Кейлин дружелюбно рассмеялась.
– Ты ведь видела, как рожала твоя сестра. Помнишь что-нибудь?
– Я только и помню, как к нам ввалились разбойники и ты бросала в них горящие угли, – кротко ответила Эйлан.
Кейлин улыбнулась.
– Думаю, ждать осталось недолго. Скорей всего, ты родишь на праздник Девы. Ты все утро работала, а такая неугомонность – первый признак того, что ребенок готов появиться на свет. И я принесла тебе подарок – венок из веточек белой березы. Это – священный талисман. Смотри, я повешу его над твоей кроватью, чтобы Богиня-Мать даровала тебе счастье и удачу. – Кейлин встала и вытащила из корзины венок. – Может быть, боги, которым поклоняются мужчины, не хотят вмешиваться в твою судьбу, но Великая Богиня оберегает и заботится о всех своих дочерях, которые находятся в таном положении, как ты. После праздника я навещу тебя. Правда, мне не очень приятно будет видеть Диду на твоем месте.
– Зато мне очень приятно услышать твое мнение, – произнес от двери чей-то мелодичный, глубокий голос. Эти слова прозвучали язвительно и резко. – Охотно верю, что я не устраиваю тебя в роли Верховной Жрицы, но, по-моему, ты поздновато решила высказать свое недовольство!
На пороге хижины стояла женщина, плотно укутанная в темно-синие покрывала.

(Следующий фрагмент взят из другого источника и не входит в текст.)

definition Gamma0 :: "(real \<Rightarrow> ereal) set" where
  "Gamma0 = {F. (\<forall>x\<ge>0. F x \<ge> 0) \<and> convex_ext_on {0..} F \<and> lsc_ext_on {0..} F \<and> F 1 = 0}"

definition recF :: "(real \<Rightarrow> ereal) \<Rightarrow> real \<Rightarrow> ereal" where
  "recF F r = Lim at_top (\<lambda>\<alpha>::real. F (1 + \<alpha> * r) / ereal \<alpha>)"

definition Finf :: "(real \<Rightarrow> ereal) \<Rightarrow> ereal" where
  "Finf F = recF F 1"

definition persp :: "(real \<Rightarrow> ereal) \<Rightarrow> real \<Rightarrow> real \<Rightarrow> ereal" where
  "persp F r t = (if t > 0 then ereal t * F (r / t) else recF F r)"

definition rev_entropy :: "(real \<Rightarrow> ereal) \<Rightarrow> real \<Rightarrow> ereal" where
  "rev_entropy F s = (if s > 0 then ereal s * F (1 / s) else Finf F)"

definition Gamma0s :: "(real \<Rightarrow> ereal) set" where
  "Gamma0s = {F. F \<in> Gamma0 \<and> (\<forall>s\<ge>0. F s = rev_entropy F s)}"

definition tildeH :: "(real \<Rightarrow> ereal) \<Rightarrow> real \<Rightarrow> real \<Rightarrow> ereal" where
  "tildeH F r1 r2 = (INF \<theta>\<in>{0<..}. persp F \<theta> r1 + persp F \<theta> r2)"

text \<open>Lower semicontinuous envelope on [0,\<infinity>)^2 (closure of the epigraph):
  H(p) = sup over e>0 of inf of tildeH on the e-ball around p within the domain.\<close>
definition margH :: "(real \<Rightarrow> ereal) \<Rightarrow> real \<Rightarrow> real \<Rightarrow> ereal" where
  "margH F r1 r2 = (SUP e\<in>{0<..}. INF q\<in>{q. fst q \<ge> 0 \<and> snd q \<ge> 0 \<and> dist q (r1, r2) < e}.
       tildeH F (fst q) (snd q))"

definition Ta :: "real \<Rightarrow> (real \<Rightarrow> ereal) \<Rightarrow> real \<Rightarrow> ereal" where
  "Ta a F s = ereal (2 powr (1 / a - 1)) * margH F 1 s"

definition metric_on_nonneg :: "(real \<Rightarrow> real \<Rightarrow> real) \<Rightarrow> bool" where
  "metric_on_nonneg D \<longleftrightarrow>
     (\<forall>x\<ge>0. \<forall>y\<ge>0. D x y \<ge> 0 \<and> (D x y = 0 \<longleftrightarrow> x = y) \<and> D x y = D y x) \<and>
     (\<forall>x\<ge>0. \<forall>y\<ge>0. \<forall>z\<ge>0. D x z \<le> D x y + D y z)"

definition persp_pow_metric :: "(real \<Rightarrow> ereal) \<Rightarrow> real \<Rightarrow> bool" where
  "persp_pow_metric F a \<longleftrightarrow>
     (\<forall>x\<ge>0. \<forall>y\<ge>0. \<bar>persp F x y\<bar> \<noteq> \<infinity>) \<and>
     metric_on_nonneg (\<lambda>x y. (real_of_ereal (persp F x y)) powr a)"

end

theory Submission
  imports Defs
begin

text \<open>Write \<open>D\<close> for the perspective \<open>hat F\<close> and \<open>d = D powr a\<close> for the metric. Since \<open>D\<close> is
  1-homogeneous, \<open>d\<close> is \<open>a\<close>-homogeneous, so \<open>d 0 t = t powr a * d 0 1\<close>. The fixed-point equation
  says that the infimum defining \<open>H_F(1, s)\<close> equals \<open>2 * (d 1 s / 2) powr (1/a)\<close>. As
  \<open>x powr p + y powr p \<ge> 2 * ((x + y) / 2) powr p\<close> for \<open>p = 1/a > 1\<close>, with equality only
  for \<open>x = y\<close>, a nearly optimal \<open>\<theta>\<close> in that infimum is an approximate \<open>d\<close>-midpoint of \<open>1\<close>
  and \<open>s\<close>; by homogeneity approximate midpoints exist between any two points. Bisection then
  shows \<open>d 0 t + d t 1 = d 0 1\<close> for all \<open>t \<in> {0..1}\<close>, hence \<open>d t 1 = d 0 1 * (1 - t powr a)\<close>,
  and homogeneity gives \<open>d s 1 = d 0 1 * \<bar>s powr a - 1\<bar>\<close> for all \<open>s \<ge> 0\<close>. Finally
  \<open>F s = D s 1 = d s 1 powr (1/a)\<close>.\<close>

section \<open>Power means\<close>

lemma powr_diff_mvt:
  fixes p u v :: real
  assumes "0 < p" "0 \<le> u" "u < v"
  obtains z where "u < z" "z < v" "v powr p - u powr p = (v - u) * (p * z powr (p - 1))"
proof -
  have "continuous_on {u..v} (\<lambda>t. t powr p)"
    by (rule continuous_on_powr') (use assms in \<open>auto intro!: continuous_intros\<close>)
  moreover have "(\<lambda>t. t powr p) differentiable (at x)" if "u < x" "x < v" for x
    using that assms has_real_derivative_powr[of x p] real_differentiable_def by force
  ultimately obtain l z where z: "u < z" "z < v" "DERIV (\<lambda>t. t powr p) z :> l"
    "v powr p - u powr p = (v - u) * l"
    using MVT[OF assms(3)] by blast
  have "l = p * z powr (p - 1)"
    using DERIV_unique[OF z(3) has_real_derivative_powr] z assms by simp
  with z that show ?thesis by blast
qed

lemma powr_midpoint_less:
  fixes p x y :: real
  assumes "p > 1" "0 \<le> y" "y < x"
  shows "2 * ((x + y) / 2) powr p < x powr p + y powr p"
proof -
  define m where "m = (x + y) / 2"
  have m: "y < m" "m < x" "x - m = m - y" using assms by (auto simp: m_def field_simps)
  have "0 < p" using assms(1) by simp
  obtain z1 where z1: "m < z1" "x powr p - m powr p = (x - m) * (p * z1 powr (p - 1))"
    using powr_diff_mvt[OF \<open>0 < p\<close> _ m(2)] m assms(2) by (metis order.strict_trans order_le_less)
  obtain z2 where z2: "y < z2" "z2 < m" "m powr p - y powr p = (m - y) * (p * z2 powr (p - 1))"
    using powr_diff_mvt[OF \<open>0 < p\<close> assms(2) m(1)] by blast
  have "z2 powr (p - 1) < z1 powr (p - 1)"
    using assms z1 z2 by (intro powr_less_mono2) auto
  then have "m powr p - y powr p < x powr p - m powr p"
    using z1(2) z2(3) m assms by (simp add: mult_strict_left_mono)
  then show ?thesis by (simp add: m_def)
qed

lemma powr_sum_le_midpoint_imp_eq:
  fixes p A x y :: real
  assumes "p > 1" "0 \<le> x" "0 \<le> y" "0 \<le> A" "A \<le> x + y"
    and "x powr p + y powr p \<le> 2 * (A / 2) powr p"
  shows "x = A / 2 \<and> y = A / 2"
proof -
  have "2 * (A / 2) powr p \<le> 2 * ((x + y) / 2) powr p"
    using assms by (simp add: powr_mono2)
  then have "x = y"
    using powr_midpoint_less[OF assms(1,3), of x] powr_midpoint_less[OF assms(1,2), of y] assms(6)
    by (cases x y rule: linorder_cases) (auto simp: add.commute)
  moreover have "x \<le> A / 2"
    using assms \<open>x = y\<close> powr_less_mono2[of p "A / 2" x] by force
  ultimately show ?thesis using assms(5) by simp
qed

lemma compact_pos_lower_bound:
  fixes f :: "'a::metric_space \<Rightarrow> real"
  assumes "compact K" "continuous_on K f" "\<And>z. z \<in> K \<Longrightarrow> f z > 0"
  obtains \<delta> where "\<delta> > 0" "\<And>z. z \<in> K \<Longrightarrow> \<delta> \<le> f z"
proof (cases "K = {}")
  case False
  then obtain z0 where "z0 \<in> K" "\<And>z. z \<in> K \<Longrightarrow> f z0 \<le> f z"
    using continuous_attains_inf[OF assms(1) _ assms(2)] by blast
  with assms(3) that show ?thesis by blast
qed (use that[of 1] in simp)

Эйлан от изумления широко раскрыла глаза; Кейлин покраснела от негодования.
– Зачем ты пришла сюда?
– А что в этом плохого? – вопросом на вопрос ответила Дида. – Верховная Жрица должна проявлять благородство и милосердие. Вот я и пришла навестить свою падшую родственницу. Все наши дражайшие сестры уже давно догадались, что лесная хижина не пустует, и сообща пришли к выводу, что здесь живу я. Так что я «вернусь» в обитель с насквозь промоченной репутацией.
– Ты пришла сюда только для того, чтобы позлорадствовать над моим позором, Дида? – дрогнувшим голосом спросила Эйлан.
– Как это ни странно, нет. – Дида откинула с лица вуаль. – Несмотря на все, что произошло между нами, Эйлан, я не желаю тебе зла. Не только ты одинока. О Синрике нет никаких вестей с тех пор, как он уехал на север; и сам он тоже не дает о себе знать. Его заботит только судьба Братства Воронов. Может быть, когда мы закончим разыгрывать этот спектакль, я поеду не в Эриу, а на север, стану воительницей, одной из тех женщин, что служат богине войны.
– Не говори ерунды, – резко отозвалась Кейлин. – Воительница из тебя никудышная, а вот сказительница ты талантливая.
Дида беспомощно пожала плечами.
– Возможно, ты и права, но я обязана хоть как-то загладить свою вину за содействие предательским планам Арданоса.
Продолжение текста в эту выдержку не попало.